[Collected data entries]
"""
(* Assume all hypotheses of the following setting: $(X_t)_{t\in[0,1]}$ is a centered process as in the context whose KL coefficients $(Z_k)$ are mutually independent, each $Z_k$ sub-Gaussian with mean $0$ and parameter $\sqrt{\lambda_k}$; each eigenfunction $e_k$ is Lipschitz on $[0,1]$ with constant $G(k)$ and $C_{\mathrm M}:=\sup_k\lambda_kG(k)^2<\infty$; $c_g\in\mathbb R$, $K_g,K'_g\ge0$, and the functions $g_t:\mathbb R\to\mathbb R$ ($t\in[0,1]$) satisfy $g_t(x)-g_t(y)\le\max(|e^{c_gx}-e^{c_gy}|,K_g|x-y|)$ and $|g_t(x)-g_s(x)|\le K'_g|t-s|$ for all $x,y\in\mathbb R$, $s,t\in[0,1]$; $S_t=g_t(X_t)$. Let $T\ge1$, $t_1,\dots,t_T\in[0,1]$, $w_1,\dots,w_T\ge0$ with $\sum_iw_i=1$, and $f:\mathbb R^T\to\mathbb R$ with $|f(x)-f(y)|\le\sum_iw_i|x_i-y_i|$ for all $x,y$. For $\epsilon\in(0,1]$ with $L_X(\epsilon)\ge1$, let $M=\big\lceil\max\big(\sqrt{L_X(\epsilon)}/\epsilon,\;K_g'^2/\epsilon^2\big)\big\rceil$ and $c(t)=\lfloor tM\rfloor/M$. Then there is a constant $C$ independent of $\epsilon$, $T$, the $t_i$ and the $w_i$ such that $$\mathbb E\Big[\big(f(S_{c(t_1)},\dots,S_{c(t_T)})-f(S_{t_1},\dots,S_{t_T})\big)^2\Big]\le C\epsilon^2 .$$
   Context: Standing setup: $(X_t)_{t\in[0,1]}$ is a centered stochastic process with $\mathbb E[X_t^2]<\infty$ whose covariance $k_X(s,t)=\mathbb E[X_sX_t]$ is continuous on $[0,1]^2$. Let $\mathcal K$ be the integral operator $(\mathcal Kf)(t)=\int_0^1k_X(s,t)f(s)\,ds$ on $L^2([0,1])$, with orthonormal eigenfunctions $(e_k)_{k\ge1}$ and eigenvalues $\lambda_1\ge\lambda_2\ge\dots\ge0$. The Karhunen–Loève (KL) expansion is $X_t=\sum_{k\ge1}Z_ke_k(t)$ with $Z_k=\int_0^1X_te_k(t)\,dt$, converging in $L^2(\mathbb P)$ uniformly in $t$; the $Z_k$ are centered and uncorrelated with $\mathbb E[Z_k^2]=\lambda_k$. The truncation index $L_X(\epsilon)$ is the smallest natural number $L$ such that $\mathbb E\big[(\sum_{k=1}^{L}Z_ke_k(t)-X_t)^2\big]\le\epsilon^2$ for all $t\in[0,1]$. A real random variable $W$ with mean $m$ is sub-Gaussian with parameter $s\ge0$ if $\mathbb E[\exp(\theta(W-m))]\le\exp(\theta^2s^2/2)$ for all $\theta\in\mathbb R$. *)

theory Defs
  imports "HOL-Probability.Probability"
begin

definition KL_coeff :: "(real \<Rightarrow> 'a \<Rightarrow> real) \<Rightarrow> (nat \<Rightarrow> real \<Rightarrow> real) \<Rightarrow> nat \<Rightarrow> 'a \<Rightarrow> real" where
  "KL_coeff X e k \<omega> = (LBINT t=0..1. X t \<omega> * e k t)"

definition sub_gaussian :: "'a measure \<Rightarrow> ('a \<Rightarrow> real) \<Rightarrow> real \<Rightarrow> real \<Rightarrow> bool" where
  "sub_gaussian M W m s \<longleftrightarrow> s \<ge> 0 \<and> integrable M W \<and> (\<integral>\<omega>. W \<omega> \<partial>M) = m \<and>
     (\<forall>\<theta>::real. integrable M (\<lambda>\<omega>. exp (\<theta> * (W \<omega> - m))) \<and>
        (\<integral>\<omega>. exp (\<theta> * (W \<omega> - m)) \<partial>M) \<le> exp (\<theta>^2 * s^2 / 2))"

definition trunc_index :: "'a measure \<Rightarrow> (real \<Rightarrow> 'a \<Rightarrow> real) \<Rightarrow> (nat \<Rightarrow> real \<Rightarrow> real) \<Rightarrow> real \<Rightarrow> nat" where
  "trunc_index M X e \<epsilon> = (LEAST L::nat. \<forall>t\<in>{0..1}.
      (\<integral>\<omega>. ((\<Sum>k=1..L. KL_coeff X e k \<omega> * e k t) - X t \<omega>)^2 \<partial>M) \<le> \<epsilon>^2)"

end

theory Submission
  imports Defs
begin

text \<open>
  Write \<open>c = c(t)\<close>. The increment \<open>S\<^sub>c - S\<^sub>t\<close> splits into a time step
  \<open>g\<^sub>c(X\<^sub>c) - g\<^sub>t(X\<^sub>c)\<close>, at most \<open>K'|c - t| \<le> \<epsilon>\<close> because \<open>M \<ge> K'\<^sup>2/\<epsilon>\<^sup>2\<close>,
  and a space step \<open>g\<^sub>t(X\<^sub>c) - g\<^sub>t(X\<^sub>t)\<close>, at most \<open>K|X\<^sub>c - X\<^sub>t|\<close> or
  \<open>|c\<^sub>g| |X\<^sub>c - X\<^sub>t| (exp(c\<^sub>g X\<^sub>c) + exp(c\<^sub>g X\<^sub>t))\<close>. By AM-GM its square is bounded by
  \<open>\<epsilon>\<^sup>-\<^sup>2 |X\<^sub>c - X\<^sub>t|\<^sup>4\<close> plus \<open>\<epsilon>\<^sup>2\<close> times exponential moments of \<open>X\<close>.

  Both moments come from sub-Gaussianity: the KL coefficients are independent, so every
  truncation \<open>\<Sum> b\<^sub>k Z\<^sub>k\<close> is sub-Gaussian with variance proxy \<open>\<Sum> b\<^sub>k\<^sup>2 \<lambda>\<^sub>k\<close>. For the
  increment this proxy is at most \<open>C\<^sub>M L |c - t|\<^sup>2\<close> on the first \<open>L = L\<^sub>X(\<epsilon>)\<close> terms
  (Lipschitz eigenfunctions) plus \<open>4\<epsilon>\<^sup>2\<close> on the tail (truncation error), hence \<open>O(\<epsilon>\<^sup>2)\<close>
  because \<open>M \<ge> \<surd>L/\<epsilon>\<close>. The bounds pass from the truncations to \<open>X\<close> by
  \<open>L\<^sup>2\<close>-convergence of the expansion and Fatou's lemma. Finally, the Lipschitz bound on
  \<open>f\<close> and Jensen's inequality for the weights reduce the claim to single increments.
\<close>

lemma abs_mult_le_sum_squares: "\<bar>a * b\<bar> \<le> a^2 + (b::real)^2"
proof -
  have "2 * (\<bar>a\<bar> * \<bar>b\<bar>) \<le> a^2 + b^2"
    using sum_squares_bound[of "\<bar>a\<bar>" "\<bar>b\<bar>"] by (simp add: power2_eq_square mult.assoc)
  moreover have "0 \<le> \<bar>a\<bar> * \<bar>b\<bar>" by simp
  ultimately show ?thesis
    unfolding abs_mult by linarith
qed

lemma abs_power_le_exp_plus_exp_minus:
  fixes x :: real
  assumes "n > 0"
  shows "\<bar>x\<bar>^n \<le> real n ^ n * (exp x + exp (- x))"
proof -
  have "\<bar>x\<bar> / n \<le> exp (\<bar>x\<bar> / n)"
    using exp_ge_add_one_self[of "\<bar>x\<bar> / n"] by linarith
  then have "(\<bar>x\<bar> / n)^n \<le> exp (\<bar>x\<bar> / n) ^ n"
    by (intro power_mono) auto
  also have "\<dots> = exp \<bar>x\<bar>"
    using assms by (simp flip: exp_of_nat_mult)
  also have "\<dots> \<le> exp x + exp (- x)"
    by (cases "x \<ge> 0") (simp_all add: add_nonneg_pos add_pos_nonneg)
  finally show ?thesis
    using assms by (simp add: power_divide field_simps)
qed

lemma abs_exp_diff_le: "\<bar>exp u - exp v\<bar> \<le> \<bar>u - v\<bar> * (exp u + exp (v::real))"
proof -
  have one_sided: "exp b - exp a \<le> (b - a) * exp b" for a b :: real
    using mult_right_mono[OF exp_ge_add_one_self[of "a - b"], of "exp b"]
    by (simp add: algebra_simps flip: exp_add)
  show ?thesis
  proof (cases "u \<le> v")
    case True
    then have "\<bar>exp u - exp v\<bar> = exp v - exp u" by simp
    also have "\<dots> \<le> (v - u) * exp v" by (rule one_sided)
    also have "\<dots> \<le> \<bar>u - v\<bar> * (exp u + exp v)" using True by (intro mult_mono) auto
    finally show ?thesis .
  next
    case False
    then have "\<bar>exp u - exp v\<bar> = exp u - exp v" by simp
    also have "\<dots> \<le> (u - v) * exp u" by (rule one_sided)
    also have "\<dots> \<le> \<bar>u - v\<bar> * (exp u + exp v)" using False by (intro mult_mono) auto
    finally show ?thesis .
  qed
qed

lemma two_mult_le_weighted_squares:
  fixes u v \<epsilon> :: real
  assumes "\<epsilon> \<noteq> 0"
  shows "2 * u * v \<le> u^2 / \<epsilon>^2 + \<epsilon>^2 * v^2"
proof -
  have "0 \<le> (u / \<epsilon> - \<epsilon> * v)^2" by simp
  also have "\<dots> = u^2 / \<epsilon>^2 - 2 * u * v + \<epsilon>^2 * v^2"
    using assms by (simp add: power2_eq_square field_simps)
  finally show ?thesis by simp
qed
"""
● **WHAT IS BEING ASKED**
For the data above, state only how many lines include the word "omega".

● **PROBLEM SOLUTION**
5